До вечера продолжался пир, и упился хан, пьяный повалился на подушки и уснул.
Настала ночь. Костры погасли в ханском стане, погасли огни в аулах.
Спало войско хана, дремали часовые. И вдруг среди ночи произошло смятение в ханском стане: послышались лязг оружия, крики, вопли, стоны.
Проснувшиеся крымцы не могли понять причины этого смятения, пока не зажгли костров, и тогда увидели, что многие из их воинов были убиты и ранены.
Паша пробовал разбудить хана, но тот только мычал и не просыпался.
Утром же, узнав о ночном происшествии, он сильно разгневался.
– Это – работа кабардинских князей и узденей! – воскликнул он.
Но прибывшие в стан князья и уздени, снова изъявляя свою покорность хану, объяснили, что ночное нападение на крымцев было сделано беглецом Машуко и его товарищами.
Нахмурился хан.
– Сегодня же приведите этого Машуко ко мне! – крикнул он.

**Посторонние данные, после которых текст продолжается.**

text \<open>Two vectors of \<open>B\<close>-norm 1 with the same reflection are equal up to sign, so the
  positivity of \<open>\<beta>\<close> singles it out.\<close>
lemma root_of_eqI:
  assumes t: "t = wd m (bs @ [b] @ rev bs)"
    and \<beta>: "\<beta> = wd m bs (sroot b) \<or> \<beta> = - wd m bs (sroot b)"
    and nonneg: "0 \<le> fst \<beta>" "0 \<le> snd \<beta>"
  shows "root_of m t = \<beta>"
  unfolding root_of_def
proof (rule the_equality)
  have "\<beta> \<in> Roots m"
  proof (cases "\<beta> = wd m bs (sroot b)")
    case False
    then have "\<beta> = wd m (bs @ [b]) (sroot b)"
      using \<beta> by (simp add: wd_append gen_sroot linear_neg[OF linear_wd])
    then show ?thesis unfolding Roots_def by blast
  qed (auto simp: Roots_def)
  moreover have refl_\<beta>: "refl_along m \<beta> = t"
    using \<beta> t refl_along_root refl_along_uminus by metis
  ultimately show "\<beta> \<in> PosRoots m \<and> refl_along m \<beta> = t"
    using nonneg by (simp add: PosRoots_def)
  fix \<gamma> assume \<gamma>: "\<gamma> \<in> PosRoots m \<and> refl_along m \<gamma> = t"
  have B\<beta>: "Bform m \<beta> \<beta> = 1"
    using \<beta> by (auto simp: Bform_wd Bform_sroot Bform_uminus_left Bform_sym[of m _ "- _"])
  have B\<gamma>: "Bform m \<gamma> \<gamma> = 1"
    using \<gamma> by (auto simp: PosRoots_def Roots_def Bform_wd Bform_sroot)
  let ?l = "Bform m \<beta> \<gamma>"
  have "refl_along m \<gamma> \<beta> = refl_along m \<beta> \<beta>" "refl_along m \<gamma> \<gamma> = refl_along m \<beta> \<gamma>"
    using \<gamma> refl_\<beta> by simp_all
  then have "(2 * ?l) *\<^sub>R \<gamma> = 2 *\<^sub>R \<beta>" "(2 * ?l) *\<^sub>R \<beta> = 2 *\<^sub>R \<gamma>"
    using B\<beta> B\<gamma> Bform_sym[of m \<gamma> \<beta>] by (simp_all add: refl_along_def algebra_simps)
  then have l\<gamma>: "?l *\<^sub>R \<gamma> = \<beta>" and l\<beta>: "?l *\<^sub>R \<beta> = \<gamma>"
    by (simp_all flip: scaleR_scaleR)
  then have "(?l * ?l) *\<^sub>R \<beta> = 1 *\<^sub>R \<beta>"
    by (simp flip: scaleR_scaleR)
  then have "?l * ?l = 1"
    using Bform_self_eq_one_imp_nonzero[OF B\<beta>] by (simp only: scaleR_cancel_right) simp
  then have "?l = 1 \<or> ?l = -1"
    by (simp add: square_eq_1_iff)
  moreover have "\<gamma> \<noteq> - \<beta>"
    using \<gamma> nonneg Bform_self_eq_one_imp_nonzero[OF B\<beta>] by (auto simp: PosRoots_def prod_eq_iff)
  ultimately show "\<gamma> = \<beta>"
    using l\<beta> by auto
qed

fun alt :: "bool \<Rightarrow> nat \<Rightarrow> bool list" where
  "alt p 0 = []"
| "alt p (Suc k) = p # alt (\<not> p) k"

definition alt_next :: "bool \<Rightarrow> nat \<Rightarrow> bool" where
  "alt_next p k = (if even k then p else \<not> p)"

lemma length_alt [simp]: "length (alt p k) = k"
  by (induction k arbitrary: p) auto

lemma alt_Suc_snoc: "alt p (Suc k) = alt p k @ [alt_next p k]"
proof (induction k arbitrary: p)
  case (Suc k)
  have "alt p (Suc (Suc k)) = p # alt (\<not> p) (Suc k)"
    by simp
  also have "\<dots> = p # (alt (\<not> p) k @ [alt_next (\<not> p) k])"
    by (simp only: Suc.IH)
  also have "\<dots> = alt p (Suc k) @ [alt_next p (Suc k)]"
    by (simp add: alt_next_def)
  finally show ?case .
qed (simp add: alt_next_def)

lemma alt_add: "alt p (i + j) = alt p i @ alt (alt_next p i) j"
  by (induction i arbitrary: p) (auto simp: alt_next_def)

lemma rev_alt: "rev (alt p k) = alt (if odd k then p else \<not> p) k"
proof (induction k arbitrary: p)
  case (Suc k)
  have "rev (alt p (Suc k)) = alt (if odd k then \<not> p else p) k @ [p]"
    using Suc[of "\<not> p"] by simp
  also have "\<dots> = alt (if odd k then \<not> p else p) (Suc k)"
    by (subst alt_Suc_snoc) (simp add: alt_next_def)
  finally show ?case by simp
qed simp

lemma ex_rev_alt_eq_alt: "\<exists>q. rev (alt p k) = alt q k"
  using rev_alt by blast

text \<open>\<open>orient p\<close> carries coordinates computed for words beginning with \<open>s1\<close> over to words
  beginning with the generator \<open>p\<close>, by swapping the two coordinates when \<open>p = s2\<close>.\<close>
definition orient :: "bool \<Rightarrow> real \<times> real \<Rightarrow> real \<times> real" where
  "orient p z = (if p then z else prod.swap z)"

lemma orient_sroot: "sroot p = orient p (1, 0)" "sroot (\<not> p) = orient p (0, 1)"
  by (cases p; simp add: sroot_def orient_def)+

lemma orient_scaleR_add: "l *\<^sub>R orient p x + \<mu> *\<^sub>R orient p y = orient p (l *\<^sub>R x + \<mu> *\<^sub>R y)"
  by (cases p; cases x; cases y) (simp_all add: orient_def)

lemma orient_nonneg: "0 \<le> fst z \<Longrightarrow> 0 \<le> snd z \<Longrightarrow> 0 \<le> fst (orient p z) \<and> 0 \<le> snd (orient p z)"
  by (cases p) (simp_all add: orient_def)

text \<open>For \<open>c = cos \<theta>\<close> one has \<open>cheb c k = sin (k \<theta>) / sin \<theta>\<close>, the Chebyshev polynomial
  \<open>U\<^sub>k\<^sub>-\<^sub>1\<close> of the second kind evaluated at \<open>c\<close>.\<close>
fun cheb :: "real \<Rightarrow> nat \<Rightarrow> real" where
  "cheb c 0 = 0"
| "cheb c (Suc 0) = 1"
| "cheb c (Suc (Suc k)) = 2 * c * cheb c (Suc k) - cheb c k"

lemma wd_alt_root:
  "wd m (alt p k) (sroot (alt_next p k)) = orient p (cheb (coxc m) (Suc k), cheb (coxc m) k)"
proof (induction k arbitrary: p)
  case 0
  show ?case by (cases p) (simp_all add: alt_next_def sroot_def orient_def)
next
  case (Suc k)
  have "alt_next p (Suc k) = alt_next (\<not> p) k"
    by (simp add: alt_next_def)
  then show ?case
    using Suc[of "\<not> p"] by (cases p) (simp_all add: orient_def gen_True gen_False algebra_simps)
qed

lemma wd_alt_Suc_root:
  "wd m (alt p (Suc k)) (sroot (alt_next p k)) = - orient p (cheb (coxc m) (Suc k), cheb (coxc m) k)"
  by (simp only: alt_Suc_snoc wd_append)
     (simp add: gen_sroot linear_neg[OF linear_wd] wd_alt_root)

lemma cheb_cassini: "cheb c (Suc i) * cheb c (i + d) - cheb c i * cheb c (Suc (i + d)) = cheb c d"
proof (induction i)
  case (Suc i)
  have "cheb c (Suc (Suc i)) = 2 * c * cheb c (Suc i) - cheb c i"
    and "cheb c (Suc (Suc (i + d))) = 2 * c * cheb c (Suc (i + d)) - cheb c (i + d)"
    by simp_all
  then show ?case
    using Suc by (simp only: add_Suc) (simp add: algebra_simps)
qed simp

lemma cheb_cos_mult_sin: "cheb (cos \<theta>) k * sin \<theta> = sin (real k * \<theta>)"
proof (induction "cos \<theta>" k rule: cheb.induct)
  case (3 k)
  have "cheb (cos \<theta>) (Suc (Suc k)) * sin \<theta>
      = 2 * cos \<theta> * (cheb (cos \<theta>) (Suc k) * sin \<theta>) - cheb (cos \<theta>) k * sin \<theta>"
    by (simp add: algebra_simps)
  also have "\<dots> = 2 * cos \<theta> * sin (real (Suc k) * \<theta>) - sin (real (Suc k) * \<theta> - \<theta>)"
    using 3 by (simp add: algebra_simps)
  also have "\<dots> = sin (real (Suc k) * \<theta> + \<theta>)"
    unfolding sin_add sin_diff by (simp add: algebra_simps)
  finally show ?case
    by (simp add: algebra_simps)
qed simp_all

Один же уздень заискивающе заметил хану, что в ауле осталась сестра Машуко, очень красивая девушка.
– Красивая? – удивился хан. – Приведите-ка, взгляну я на нее…
И когда Элисхан предстала перед ним, он поразился ее красотой, приказал одеть ее в дорогие и красивые одежды, взял ее себе в наложницы.
– А Машуко вы все-таки разыщите, – сказал он князьям, – иначе много дыма будет в ваших аулах.
Засмеялся и увел Элисхан в шатер.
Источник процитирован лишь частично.